Eric Klopfer, one of the researchers, was not sure the students would be
able to grasp the science lessons within the games but "the fact that it is
through a video game makes it a bit more accessible to them and a little
bit more eager for them to try out."

Elyssebeth Leigh, a senior lecturer at the University of Technology,
Sydney, believes in the power of video games, too. She says they teach
children how to interact with technology. And they can help children
experiment with the world around them in a safe way - and learn about
choices, strategy, risks and consequences without leaving the living room.

Leigh, who is also general secretary of the International Simulation and
Gaming Association (www.isaga.info), says parents should take the time to
talk to their children about the games they choose and why they choose them.

Wired for school

Video games, aka computer simulations, are widely used at
<http://www.cherrybrok-h.schools.nsw.edu.au>Cherrybrook Technology High
School, in northern Sydney. Students use simulations to learn about
everything from how a plane flies to the intricacies of artificial
intelligence.

It is not an unusual sight to walk into a classroom and see them engaged in
a flight simulator, a chess game or even programming a computer to bring to
life gaming concepts from their own imaginations.

James Laird, head of IT at the school, says learning through the computer
is a natural fit for students today. "There is an ease of learning and
degree of comfort that they get out of it. Given that this is a tool in the
environment that they live with these days, it is not something they have
to think about - they just do it," he says.

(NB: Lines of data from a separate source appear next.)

lemma normal_cone_polar_iff:
  assumes v: "v \<in> polar n C"
  shows "w \<in> normal_cone n (polar n C) v \<longleftrightarrow>
           w \<in> Rsp n \<and> (\<forall>z\<in>polar n C. ip n w z \<le> 0) \<and> ip n w v = 0"
proof
  assume "w \<in> normal_cone n (polar n C) v"
  then have w: "w \<in> Rsp n" and hw: "\<And>z. z \<in> polar n C \<Longrightarrow> ip n w z \<le> ip n w v"
    unfolding normal_cone_def by (auto simp: ip_diff_right)
  have "(\<lambda>i. 0) \<in> polar n C" "(\<lambda>i. 2 * v i) \<in> polar n C"
    using v unfolding polar_def Rsp_def by (auto simp: ip_scale_left ip_commute[of n "\<lambda>i. 0"])
  then have "ip n w (\<lambda>i. 0) \<le> ip n w v" "ip n w (\<lambda>i. 2 * v i) \<le> ip n w v"
    using hw by blast+
  then have "ip n w v = 0"
    unfolding ip_scale_right by simp
  with w hw show "w \<in> Rsp n \<and> (\<forall>z\<in>polar n C. ip n w z \<le> 0) \<and> ip n w v = 0"
    by auto
next
  assume "w \<in> Rsp n \<and> (\<forall>z\<in>polar n C. ip n w z \<le> 0) \<and> ip n w v = 0"
  then show "w \<in> normal_cone n (polar n C) v"
    unfolding normal_cone_def by (simp add: ip_diff_right)
qed

lemma rotated_cone_dual_ineq:
  fixes a b g x y z :: real
  assumes "0 \<le> a" "0 \<le> b" "0 \<le> x" "0 \<le> y" "g^2 \<le> 4*a*b" "z^2 \<le> x*y"
  shows "0 \<le> a*x + b*y + g*z"
proof -
  have "(g*z)^2 \<le> (4*a*b) * (x*y)"
    unfolding power_mult_distrib using assms by (intro mult_mono) auto
  also have "\<dots> \<le> (a*x + b*y)^2"
    using zero_le_power2[of "a*x - b*y"] by (simp add: power2_eq_square algebra_simps)
  finally have "\<bar>g*z\<bar> \<le> a*x + b*y"
    using assms by (simp add: power2_le_iff_abs_le)
  then show ?thesis by linarith
qed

But just because the students are engaged in simulations at school doesn't
mean the lessons are all fun and games. The students are expected to study
the theories and details behind what is unfolding on the screen.

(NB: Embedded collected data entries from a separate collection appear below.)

lemma weighted_exp_sum_le:
  fixes L1 L2 a b :: real
  assumes L: "0 < L1" "0 < L2" and ab: "\<bar>a\<bar> \<le> L1" "\<bar>b\<bar> \<le> L2"
    and lower: "L1 * L2 * (L1 + L2) / 2 \<le> L2 * a + L1 * b"
  shows "L2 * exp (- a) + L1 * exp (- b) \<le> L1 + L2"
proof -
  define s where "s = (L1 + L2) / 2"
  define y where "y = b / L2"
  define \<Phi> where "\<Phi> = (\<lambda>y. L2 * exp (L1 * (y - s)) + L1 * exp (- (L2 * y)))"
  have b: "b = L2 * y"
    using L by (simp add: y_def)
  have "L2 * (L1 * s) \<le> L2 * (a + L1 * y)"
    using lower by (simp add: s_def b algebra_simps)
  then have "L1 * s \<le> a + L1 * y"
    using L(2) by (simp only: mult_le_cancel_left_pos)
  then have a: "L1 * (s - y) \<le> a"
    by (simp add: algebra_simps)
  then have "L1 * (s - y) \<le> L1 * 1"
    using ab(1) by linarith
  then have "s - 1 \<le> y"
    using L(1) by simp
  moreover have "y \<le> 1"
    using ab L by (simp add: y_def abs_le_iff)
  ultimately have y: "y \<in> {s - 1..1}"
    by simp
  text \<open>For fixed \<open>b\<close>, the worst admissible \<open>a\<close> is \<open>L1 (s - y)\<close>.\<close>
  have "L2 * exp (- a) + L1 * exp (- b) \<le> \<Phi> y"
    using a L by (simp add: \<Phi>_def b algebra_simps)
  also have "\<dots> \<le> max (\<Phi> (s - 1)) (\<Phi> 1)"
  proof (rule convex_on_le_max[OF _ y])
    have "convex_on UNIV \<Phi>"
    proof (rule convex_on_realI)
      show "(\<Phi> has_real_derivative
          L1 * L2 * exp (L1 * (y - s)) - L1 * L2 * exp (- (L2 * y))) (at y)" for y
        unfolding \<Phi>_def by (auto intro!: derivative_eq_intros simp: algebra_simps)
    qed (use L in \<open>auto intro!: diff_mono\<close>)
    then show "convex_on {s - 1..1} \<Phi>"
      by (rule convex_on_subset) auto
  qed
  also have "\<dots> \<le> L1 + L2"
  proof -
    have "\<Phi> (s - 1) = L2 * exp (- L1) + L1 * exp (L2 * (1 - (L1 + L2) / 2))"
      by (simp add: \<Phi>_def s_def algebra_simps)
    moreover have "\<Phi> 1 = L1 * exp (- L2) + L2 * exp (L1 * (1 - (L2 + L1) / 2))"
      by (simp add: \<Phi>_def s_def algebra_simps)
    ultimately show ?thesis
      using exp_two_point_bound[of L1 L2] exp_two_point_bound[of L2 L1] L by simp
  qed
  finally show ?thesis .
qed

lemma convex_comb_exp_minus_le_one:
  fixes p t a b :: real
  assumes p: "0 \<le> p" and t: "0 < t" "t < 1"
    and ab: "\<bar>a\<bar> \<le> p * t" "\<bar>b\<bar> \<le> p * (1 - t)"
    and lower: "p\<^sup>2 * (t * (1 - t)) / 2 \<le> (1 - t) * a + t * b"
  shows "(1 - t) * exp (- a) + t * exp (- b) \<le> 1"
proof (cases "p = 0")
  case True
  then show ?thesis
    using ab by simp
next
  case False
  then have p: "0 < p"
    using p by simp
  have "p * t * (p * (1 - t)) * (p * t + p * (1 - t)) / 2 = p * (p\<^sup>2 * (t * (1 - t)) / 2)"
    by (simp add: algebra_simps power2_eq_square)
  also have "\<dots> \<le> p * ((1 - t) * a + t * b)"
    using lower p by simp
  finally have "p * (1 - t) * exp (- a) + p * t * exp (- b) \<le> p * t + p * (1 - t)"
    using weighted_exp_sum_le[of "p * t" "p * (1 - t)" a b] p t ab by (simp add: algebra_simps)
  then have "p * ((1 - t) * exp (- a) + t * exp (- b)) \<le> p * 1"
    by (simp add: algebra_simps)
  then show ?thesis
    using p by simp
qed

lemma convex_on_minus_quadratic_gap:
  fixes h :: "real \<Rightarrow> real"
  assumes conv: "convex_on I (\<lambda>t. h t - c / 2 * t\<^sup>2)"
    and xy: "x \<in> I" "y \<in> I" and t: "0 \<le> t" "t \<le> 1"
  shows "c / 2 * (t * (1 - t) * (y - x)\<^sup>2) \<le> (1 - t) * h x + t * h y - h ((1 - t) * x + t * y)"
proof -
  define z where "z = (1 - t) * x + t * y"
  have "h z - c / 2 * z\<^sup>2 \<le> (1 - t) * (h x - c / 2 * x\<^sup>2) + t * (h y - c / 2 * y\<^sup>2)"
    using convex_onD[OF conv, of t x y] xy t by (simp add: z_def)
  then have "c / 2 * ((1 - t) * x\<^sup>2 + t * y\<^sup>2 - z\<^sup>2) \<le> (1 - t) * h x + t * h y - h z"
    by (simp add: field_simps)
  moreover have "(1 - t) * x\<^sup>2 + t * y\<^sup>2 - z\<^sup>2 = t * (1 - t) * (y - x)\<^sup>2"
    by (simp add: z_def power2_eq_square algebra_simps)
  ultimately show ?thesis
    by (simp add: z_def)
qed

lemma convex_on_neg_exp_if_strongly_convex_lipschitz:
  fixes h :: "real \<Rightarrow> real"
  assumes I: "convex I" and conv: "convex_on I (\<lambda>t. h t - c / 2 * t\<^sup>2)"
    and lip: "K-lipschitz_on I h" and \<beta>: "0 < \<beta>" and \<beta>K: "\<beta> * K\<^sup>2 \<le> c"
  shows "convex_on I (\<lambda>t. - exp (- \<beta> * h t))"
proof (rule convex_on_linorderI[OF _ I])
  fix t x y :: real
  assume t: "0 < t" "t < 1" and xy: "x \<in> I" "y \<in> I" "x < y"
  define z where "z = (1 - t) * x + t * y"
  define a where "a = \<beta> * (h x - h z)"
  define b where "b = \<beta> * (h y - h z)"
  define p where "p = \<beta> * K * (y - x)"
  have K: "0 \<le> K"
    using lip by (rule lipschitz_on_nonneg)
  have z: "z \<in> I"
    using convexD[OF I xy(1,2), of "1 - t" t] t by (simp add: z_def)
  have "z - x = t * (y - x)" "y - z = (1 - t) * (y - x)"
    by (simp_all add: z_def algebra_simps)
  moreover have "0 \<le> t * (y - x)" "0 \<le> (1 - t) * (y - x)"
    using t xy(3) by simp_all
  ultimately have "dist x z = t * (y - x)" "dist y z = (1 - t) * (y - x)"
    by (simp_all add: dist_real_def abs_minus_commute[of x z])
  then have "\<bar>h x - h z\<bar> \<le> K * (t * (y - x))" "\<bar>h y - h z\<bar> \<le> K * ((1 - t) * (y - x))"
    using lipschitz_onD[OF lip xy(1) z] lipschitz_onD[OF lip xy(2) z] by (simp_all add: dist_real_def)
  then have "\<beta> * \<bar>h x - h z\<bar> \<le> \<beta> * (K * (t * (y - x)))"
    "\<beta> * \<bar>h y - h z\<bar> \<le> \<beta> * (K * ((1 - t) * (y - x)))"
    using \<beta> by (simp_all add: mult_left_mono)
  then have ab: "\<bar>a\<bar> \<le> p * t" "\<bar>b\<bar> \<le> p * (1 - t)"
    using \<beta> by (simp_all add: a_def b_def p_def abs_mult mult_ac)
  have gap: "c / 2 * (t * (1 - t) * (y - x)\<^sup>2) \<le> (1 - t) * h x + t * h y - h z"
    using convex_on_minus_quadratic_gap[OF conv xy(1,2)] t by (simp add: z_def)
  have "p\<^sup>2 * (t * (1 - t)) / 2 = \<beta> * (\<beta> * K\<^sup>2 / 2 * (t * (1 - t) * (y - x)\<^sup>2))"
    by (simp add: p_def power_mult_distrib power2_eq_square)
  also have "\<dots> \<le> \<beta> * (c / 2 * (t * (1 - t) * (y - x)\<^sup>2))"
    using \<beta>K \<beta> t by (intro mult_left_mono mult_right_mono) auto
  also have "\<dots> \<le> \<beta> * ((1 - t) * h x + t * h y - h z)"
    using gap \<beta> by simp
  also have "\<dots> = (1 - t) * a + t * b"
    by (simp add: a_def b_def algebra_simps)
  finally have "(1 - t) * exp (- a) + t * exp (- b) \<le> 1"
    using convex_comb_exp_minus_le_one[OF _ t ab] \<beta> K xy(3) by (simp add: p_def)
  then have "((1 - t) * exp (- a) + t * exp (- b)) * exp (- \<beta> * h z) \<le> exp (- \<beta> * h z)"
    by simp
  moreover have "exp (- \<beta> * h x) = exp (- a) * exp (- \<beta> * h z)"
    "exp (- \<beta> * h y) = exp (- b) * exp (- \<beta> * h z)"
    by (simp_all add: a_def b_def algebra_simps flip: exp_add)
  ultimately show "- exp (- \<beta> * h ((1 - t) *\<^sub>R x + t *\<^sub>R y))
      \<le> (1 - t) * - exp (- \<beta> * h x) + t * - exp (- \<beta> * h y)"
    by (simp add: z_def algebra_simps)
qed

lemma convex_on_if_convex_on_neg_exp:
  fixes u :: "'a::real_vector \<Rightarrow> real"
  assumes \<beta>: "0 < \<beta>" and conv: "convex_on S (\<lambda>x. - exp (- \<beta> * u x))"
  shows "convex_on S u"
proof (rule convex_onI)
  fix t :: real and x y
  assume t: "0 < t" "t < 1" and xy: "x \<in> S" "y \<in> S"
  let ?z = "(1 - t) *\<^sub>R x + t *\<^sub>R y"
  have "exp ((1 - t) * (- \<beta> * u x) + t * (- \<beta> * u y))
      \<le> (1 - t) * exp (- \<beta> * u x) + t * exp (- \<beta> * u y)"
    using convex_onD[OF exp_convex, of t "- \<beta> * u x" "- \<beta> * u y"] t by simp
  also have "\<dots> \<le> exp (- \<beta> * u ?z)"
    using convex_onD[OF conv, of t x y] t xy by simp
  finally have "\<beta> * u ?z \<le> \<beta> * ((1 - t) * u x + t * u y)"
    by (simp add: algebra_simps)
  then show "u ?z \<le> (1 - t) * u x + t * u y"
    using \<beta> by simp
qed (rule convex_on_imp_convex[OF conv])

lemma convex_on_cong:
  assumes "convex_on S f" and "\<And>x. x \<in> S \<Longrightarrow> f x = g x"
  shows "convex_on S g"
proof (rule convex_onI)
  fix t :: real and x y
  assume t: "0 < t" "t < 1" and xy: "x \<in> S" "y \<in> S"
  have "(1 - t) *\<^sub>R x + t *\<^sub>R y \<in> S"
    using convexD[OF convex_on_imp_convex[OF assms(1)] xy, of "1 - t" t] t by simp
  then show "g ((1 - t) *\<^sub>R x + t *\<^sub>R y) \<le> (1 - t) * g x + t * g y"
    using convex_onD[OF assms(1), of t x y] t xy assms(2) by simp
qed (rule convex_on_imp_convex[OF assms(1)])

lemma geodesic_dist:
  assumes "geodesic \<gamma>" and "s \<in> {0..1}" "t \<in> {0..1}"
  shows "dist (\<gamma> s) (\<gamma> t) = \<bar>t - s\<bar> * dist (\<gamma> 0) (\<gamma> 1)"
  using assms unfolding geodesic_def by blast

lemma geodesic_lipschitz:
  assumes "geodesic \<gamma>"
  shows "(dist (\<gamma> 0) (\<gamma> 1))-lipschitz_on {0..1} \<gamma>"
proof (rule lipschitz_onI)
  fix s t :: real
  assume "s \<in> {0..1}" "t \<in> {0..1}"
  then show "dist (\<gamma> s) (\<gamma> t) \<le> dist (\<gamma> 0) (\<gamma> 1) * dist s t"
    using geodesic_dist[OF assms, of s t] by (simp add: dist_real_def abs_minus_commute)
qed simp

In the chess game they are expected to study the strategies of chess and
deduce whether the computer is relying on textbook moves in its matches
against human players or acting on its own.

"They are having a look at artificial intelligence: is the computer really
thinking or is the computer responding using predefined strategies?" Laird
says.

"Is it adapting to the game, finding out one strategy isn't working and
switching over to another strategy to counter what you are doing?"

Laird says that other schools are catching on to simulations as teaching
tools as well.

Infofile

The first known graphics-based computer game was invented in 1952 at the
University of Cambridge. A man named A.S. Douglas created a computerised
version of tic-tac-toe called OXO as part of his thesis on human-computer
interaction.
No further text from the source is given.